Roland. — Tu es bien aimable. Dans le malheur on reconnaît les vrais amis, mais, je ne puis accepter. Je le regrette. Nous sommes de bons amis et je ne veux pas que pour deux misérables dollars, nous devenions d’irréconciliables ennemis. Car tu sais, entre nous, si tu me prêtes de l’argent, j’ignore quand et si jamais je te le rendrai. Et en dépit de toutes tes excellentes qualités, si je ne te rends pas l’argent que tu m’auras prêté, tu m’en voudras toujours. Ainsi donc, encore une fois, je te remercie, et n’en parlons plus.

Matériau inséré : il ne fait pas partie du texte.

lemma mixed_char_eq_insert:
  assumes J: "J \<subseteq> I" and j: "j \<in> I" "j \<notin> J" and IH: "mixed_char_eq J"
  shows "mixed_char_eq (insert j J)"
  unfolding mixed_char_eq_def
proof (intro allI impI)
  fix A :: "'i \<Rightarrow> real set" and u :: "'i \<Rightarrow> real"
  assume A: "\<forall>i\<in>insert j J. A i \<in> sets borel"
  define K where "K = I - insert j J"
  define w where "w y = (\<Prod>i\<in>J. indicator (A i) (y i) :: real)" for y
  define v where "v y = (\<Sum>l\<in>K. u l * y l)" for y
  have [measurable]: "(\<lambda>y. y i) \<in> borel_measurable (PiM I (\<lambda>_. borel))" if "i \<in> I" for i
    using measurable_coordinate[OF that] .
  have w_meas: "w \<in> borel_measurable (PiM I (\<lambda>_. borel))"
    unfolding w_def[abs_def] using J A by (intro borel_measurable_prod) auto
  have v_meas: "v \<in> borel_measurable (PiM I (\<lambda>_. borel))"
    unfolding v_def[abs_def] K_def by (intro borel_measurable_sum) auto
  have w_nonneg: "0 \<le> w y" and w_le_1: "w y \<le> 1" for y
    unfolding w_def by (auto intro: prod_nonneg prod_le_1)
  have shifted: "(\<integral>y. w y *\<^sub>R iexp (s * y j + c * v y) \<partial>\<mu>) = (\<integral>y. w y *\<^sub>R iexp (s * y j + c * v y) \<partial>\<nu>)"
    for s c
  proof -
    have "finite K" "j \<notin> K" "I - J = insert j K"
      using finite_I j by (auto simp: K_def)
    then have sum_eq: "(\<Sum>l\<in>I - J. (if l = j then s else c * u l) * y l) = s * y j + c * v y" for y
      by (auto simp: v_def sum_distrib_left intro!: sum.cong)
    have "(\<integral>y. (\<Prod>i\<in>J. indicator (A i) (y i)) *\<^sub>R iexp (\<Sum>l\<in>I - J. (if l = j then s else c * u l) * y l) \<partial>\<mu>)
        = (\<integral>y. (\<Prod>i\<in>J. indicator (A i) (y i)) *\<^sub>R iexp (\<Sum>l\<in>I - J. (if l = j then s else c * u l) * y l) \<partial>\<nu>)"
      using A IH[unfolded mixed_char_eq_def, rule_format, of A "\<lambda>l. if l = j then s else c * u l"]
      by blast
    then show ?thesis
      unfolding sum_eq w_def .
  qed
  have "(\<integral>y. (indicator (A j) (y j) * w y) *\<^sub>R iexp (v y) \<partial>\<mu>)
      = (\<integral>y. (indicator (A j) (y j) * w y) *\<^sub>R iexp (v y) \<partial>\<nu>)"
    using A by (intro integral_box_iexp_eq[OF j(1) w_meas w_nonneg w_le_1 v_meas shifted]) simp
  moreover have "(\<Prod>i\<in>insert j J. indicator (A i) (y i)) = indicator (A j) (y j) * w y" for y
    using finite_subset[OF J finite_I] j by (simp add: w_def)
  ultimately show "(\<integral>y. (\<Prod>i\<in>insert j J. indicator (A i) (y i)) *\<^sub>R iexp (\<Sum>l\<in>I - insert j J. u l * y l) \<partial>\<mu>)
      = (\<integral>y. (\<Prod>i\<in>insert j J. indicator (A i) (y i)) *\<^sub>R iexp (\<Sum>l\<in>I - insert j J. u l * y l) \<partial>\<nu>)"
    unfolding K_def[symmetric] v_def[symmetric] by simp
qed

lemma mixed_char_eq_all:
  assumes "mixed_char_eq {}"
  shows "mixed_char_eq I"
proof -
  have "mixed_char_eq J" if "J \<subseteq> I" for J
    using finite_subset[OF that finite_I] that
  proof (induction J rule: finite_induct)
    case empty
    show ?case by (fact assms)
  next
    case (insert j J)
    then show ?case by (intro mixed_char_eq_insert) auto
  qed
  then show ?thesis by simp
qed

lemma box_indicator_eq_indicator_PiE:
  assumes "y \<in> space (PiM I (\<lambda>_. borel))"
  shows "(\<Prod>i\<in>I. indicator (A i) (y i) :: real) = indicator (Pi\<^sub>E I A) y"
  using assms finite_I by (auto simp: space_PiM PiE_def Pi_def indicator_def)

lemma eq_if_char_eq:
  assumes char_eq: "\<And>u. (CLINT y|\<mu>. iexp (\<Sum>i\<in>I. u i * y i)) = (CLINT y|\<nu>. iexp (\<Sum>i\<in>I. u i * y i))"
  shows "\<mu> = \<nu>"
proof (rule measure_eqI_PiM_finite[OF finite_I sets_\<mu> sets_\<nu>])
  fix A :: "'i \<Rightarrow> real set" assume A: "\<And>i. i \<in> I \<Longrightarrow> A i \<in> sets borel"
  have "mixed_char_eq I"
    by (rule mixed_char_eq_all) (use char_eq in \<open>simp add: mixed_char_eq_def\<close>)
  then have "(\<integral>y. (\<Prod>i\<in>I. indicator (A i) (y i)) *\<^sub>R iexp 0 \<partial>\<mu>)
      = (\<integral>y. (\<Prod>i\<in>I. indicator (A i) (y i)) *\<^sub>R iexp 0 \<partial>\<nu>)"
    using A unfolding mixed_char_eq_def Diff_cancel sum.empty by blast
  then have "complex_of_real (\<integral>y. (\<Prod>i\<in>I. indicator (A i) (y i)) \<partial>\<mu>)
      = complex_of_real (\<integral>y. (\<Prod>i\<in>I. indicator (A i) (y i)) \<partial>\<nu>)"
    by (simp only: integral_scaleR_left exp_zero mult_zero_right of_real_0 scaleR_conv_of_real mult_1_right
        integral_complex_of_real)
  moreover have "(\<integral>y. (\<Prod>i\<in>I. indicator (A i) (y i) :: real) \<partial>N) = measure N (Pi\<^sub>E I A)"
    if "sets N = sets (PiM I (\<lambda>_. borel))" for N
  proof -
    have "(\<integral>y. (\<Prod>i\<in>I. indicator (A i) (y i)) \<partial>N) = (\<integral>y. indicator (Pi\<^sub>E I A) y \<partial>N :: real)"
      using sets_eq_imp_space_eq[OF that] box_indicator_eq_indicator_PiE
      by (intro Bochner_Integration.integral_cong) auto
    also have "\<dots> = measure N (Pi\<^sub>E I A)"
      using that A finite_I by (simp add: sets_PiM_I_finite)
    finally show ?thesis .
  qed
  ultimately show "emeasure \<mu> (Pi\<^sub>E I A) = emeasure \<nu> (Pi\<^sub>E I A)"
    using sets_\<mu> sets_\<nu> finite_measure.emeasure_eq_measure[OF finite_\<mu>]
      finite_measure.emeasure_eq_measure[OF finite_\<nu>]
    by simp
next
  show "range (\<lambda>_::nat. \<Pi>\<^sub>E i\<in>I. space borel) \<subseteq> prod_algebra I (\<lambda>_. borel)"
    using space_in_prod_algebra[of I "\<lambda>_. borel"] by auto
  show "(\<Union>i::nat. \<Pi>\<^sub>E i\<in>I. space borel) = space (PiM I (\<lambda>_. borel))"
    by (simp add: space_PiM)
  show "emeasure \<mu> (\<Pi>\<^sub>E i\<in>I. space borel) \<noteq> \<infinity>"
    using finite_measure.emeasure_finite[OF finite_\<mu>] by simp
qed

end

section \<open>Characteristic functions of finite-dimensional distributions\<close>

definition fdd_char :: "'b measure \<Rightarrow> (real \<Rightarrow> 'b \<Rightarrow> real) \<Rightarrow> real set \<Rightarrow> (real \<Rightarrow> real) \<Rightarrow> complex" where
  "fdd_char N Y I u = (CLINT \<omega>|N. iexp (\<Sum>t\<in>I. u t * Y t \<omega>))"

lemma borel_measurable_iexp_lincomb:
  assumes "\<And>t. t \<in> I \<Longrightarrow> Y t \<in> borel_measurable N"
  shows "(\<lambda>\<omega>. iexp (\<Sum>t\<in>I. u t * Y t \<omega>)) \<in> borel_measurable N"
proof -
  have "(\<lambda>x. iexp x) \<in> borel_measurable borel"
    by (intro borel_measurable_continuous_onI continuous_intros)
  moreover have "(\<lambda>\<omega>. \<Sum>t\<in>I. u t * Y t \<omega>) \<in> borel_measurable N"
    using assms by (intro borel_measurable_sum borel_measurable_times borel_measurable_const)
  ultimately show ?thesis
    by (rule measurable_compose[rotated])
qed

lemma integrable_iexp_lincomb:
  assumes "finite_measure N" and "\<And>t. t \<in> I \<Longrightarrow> Y t \<in> borel_measurable N"
  shows "integrable N (\<lambda>\<omega>. iexp (\<Sum>t\<in>I. u t * Y t \<omega>))"
  using assms borel_measurable_iexp_lincomb
  by (intro finite_measure.integrable_const_bound[where B=1]) auto

lemma fdd_char_eq_distr:
  assumes "finite I" and Y: "\<And>t. t \<in> I \<Longrightarrow> Y t \<in> borel_measurable N"
  shows "fdd_char N Y I u
       = (CLINT y|distr N (PiM I (\<lambda>_. borel)) (\<lambda>\<omega>. \<lambda>t\<in>I. Y t \<omega>). iexp (\<Sum>t\<in>I. u t * y t))"
proof -
  have restrict: "(\<lambda>\<omega>. \<lambda>t\<in>I. Y t \<omega>) \<in> measurable N (PiM I (\<lambda>_. borel))"
    using Y by (intro measurable_restrict) auto
  have "(\<lambda>y. iexp (\<Sum>t\<in>I. u t * y t)) \<in> borel_measurable (PiM I (\<lambda>_. borel))"
    by (intro borel_measurable_iexp_lincomb measurable_component_singleton)
  then have "(CLINT y|distr N (PiM I (\<lambda>_. borel)) (\<lambda>\<omega>. \<lambda>t\<in>I. Y t \<omega>). iexp (\<Sum>t\<in>I. u t * y t))
      = (CLINT \<omega>|N. iexp (\<Sum>t\<in>I. u t * (\<lambda>t\<in>I. Y t \<omega>) t))"
    by (rule integral_distr[OF restrict])
  also have "\<dots> = fdd_char N Y I u"
    unfolding fdd_char_def by (intro Bochner_Integration.integral_cong refl arg_cong[where f=iexp] sum.cong) auto
  finally show ?thesis
    by (rule sym)
qed

lemma distr_eq_if_fdd_char_eq:
  assumes "prob_space N1" "prob_space N2" and "finite I"
    and Y1: "\<And>t. t \<in> I \<Longrightarrow> Y1 t \<in> borel_measurable N1"
    and Y2: "\<And>t. t \<in> I \<Longrightarrow> Y2 t \<in> borel_measurable N2"
    and char_eq: "\<And>u. fdd_char N1 Y1 I u = fdd_char N2 Y2 I u"
  shows "distr N1 (PiM I (\<lambda>_. borel)) (\<lambda>\<omega>. \<lambda>t\<in>I. Y1 t \<omega>) = distr N2 (PiM I (\<lambda>_. borel)) (\<lambda>\<omega>. \<lambda>t\<in>I. Y2 t \<omega>)"
proof -
  have "prob_space (distr N1 (PiM I (\<lambda>_. borel)) (\<lambda>\<omega>. \<lambda>t\<in>I. Y1 t \<omega>))"
    "prob_space (distr N2 (PiM I (\<lambda>_. borel)) (\<lambda>\<omega>. \<lambda>t\<in>I. Y2 t \<omega>))"
    using Y1 Y2
    by (auto intro!: prob_space.prob_space_distr[OF assms(1)] prob_space.prob_space_distr[OF assms(2)]
        measurable_restrict)
  then interpret finite_measure_pair_PiM I
    "distr N1 (PiM I (\<lambda>_. borel)) (\<lambda>\<omega>. \<lambda>t\<in>I. Y1 t \<omega>)"
    "distr N2 (PiM I (\<lambda>_. borel)) (\<lambda>\<omega>. \<lambda>t\<in>I. Y2 t \<omega>)"
    using \<open>finite I\<close> by (intro finite_measure_pair_PiM.intro) (simp_all add: prob_space_def)
  show ?thesis
  proof (rule eq_if_char_eq)
    fix u
    show "(CLINT y|distr N1 (PiM I (\<lambda>_. borel)) (\<lambda>\<omega>. \<lambda>t\<in>I. Y1 t \<omega>). iexp (\<Sum>t\<in>I. u t * y t))
        = (CLINT y|distr N2 (PiM I (\<lambda>_. borel)) (\<lambda>\<omega>. \<lambda>t\<in>I. Y2 t \<omega>). iexp (\<Sum>t\<in>I. u t * y t))"
      using char_eq[of u] fdd_char_eq_distr[where I=I and Y=Y1 and u=u, OF \<open>finite I\<close> Y1]
        fdd_char_eq_distr[where I=I and Y=Y2 and u=u, OF \<open>finite I\<close> Y2]
      by simp
  qed
qed

theorem fdd_eq_iff_fdd_char_eq:
  assumes "prob_space N1" "prob_space N2"
    and Y1: "\<And>t. t \<ge> 0 \<Longrightarrow> Y1 t \<in> borel_measurable N1"
    and Y2: "\<And>t. t \<ge> 0 \<Longrightarrow> Y2 t \<in> borel_measurable N2"
  shows "fdd_eq N1 Y1 N2 Y2 \<longleftrightarrow>
    (\<forall>I u. finite I \<longrightarrow> I \<subseteq> {0..} \<longrightarrow> fdd_char N1 Y1 I u = fdd_char N2 Y2 I u)"
proof (intro iffI allI impI)
  fix I :: "real set" and u :: "real \<Rightarrow> real"
  assume "fdd_eq N1 Y1 N2 Y2" and I: "finite I" "I \<subseteq> {0..}"
  then have distr_eq: "distr N1 (PiM I (\<lambda>_. borel)) (\<lambda>\<omega>. \<lambda>t\<in>I. Y1 t \<omega>)
      = distr N2 (PiM I (\<lambda>_. borel)) (\<lambda>\<omega>. \<lambda>t\<in>I. Y2 t \<omega>)"
    unfolding fdd_eq_def by blast
  have "\<And>t. t \<in> I \<Longrightarrow> Y1 t \<in> borel_measurable N1" "\<And>t. t \<in> I \<Longrightarrow> Y2 t \<in> borel_measurable N2"
    using I Y1 Y2 by auto
  then show "fdd_char N1 Y1 I u = fdd_char N2 Y2 I u"
    by (simp only: fdd_char_eq_distr[OF I(1)] distr_eq)
next
  assume char_eq: "\<forall>I u. finite I \<longrightarrow> I \<subseteq> {0..} \<longrightarrow> fdd_char N1 Y1 I u = fdd_char N2 Y2 I u"
  show "fdd_eq N1 Y1 N2 Y2"
    unfolding fdd_eq_def
  proof (intro allI impI)
    fix I :: "real set" assume I: "finite I \<and> I \<subseteq> {0..}"
    then have "\<And>t. t \<in> I \<Longrightarrow> Y1 t \<in> borel_measurable N1" "\<And>t. t \<in> I \<Longrightarrow> Y2 t \<in> borel_measurable N2"
      using Y1 Y2 by auto
    then show "distr N1 (PiM I (\<lambda>_. borel)) (\<lambda>\<omega>. \<lambda>t\<in>I. Y1 t \<omega>) = distr N2 (PiM I (\<lambda>_. borel)) (\<lambda>\<omega>. \<lambda>t\<in>I. Y2 t \<omega>)"
      using I char_eq by (intro distr_eq_if_fdd_char_eq[OF assms(1,2)]) simp_all
  qed
qed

Paul. — Tant pis. Enfin, mon cher Roland, oublies-tu que nous vivons dans un siècle pratique avant tout. Tu n’as plus que deux ans d’études. Ton père est riche. Tu es intelligent. Les dédales de l’Université ne sauraient t’effrayer. Aussitôt que tu auras ton diplôme, ton père te cédera une partie de ses patients. Tu n’auras donc pas, comme tant d’autres moins heureux que toi, à soigner, durant des mois et des mois, des malades qui ne te paieront qu’en belles paroles et en remerciements. Je ne comprends pas que tu lâches ainsi la proie pour l’ombre. Crois-tu que l’étude du génie civil soit un jeu d’enfant pour moi, et cependant, je pioche…

Roland. — Encore une fois, je te le répète, c’est plus fort que moi.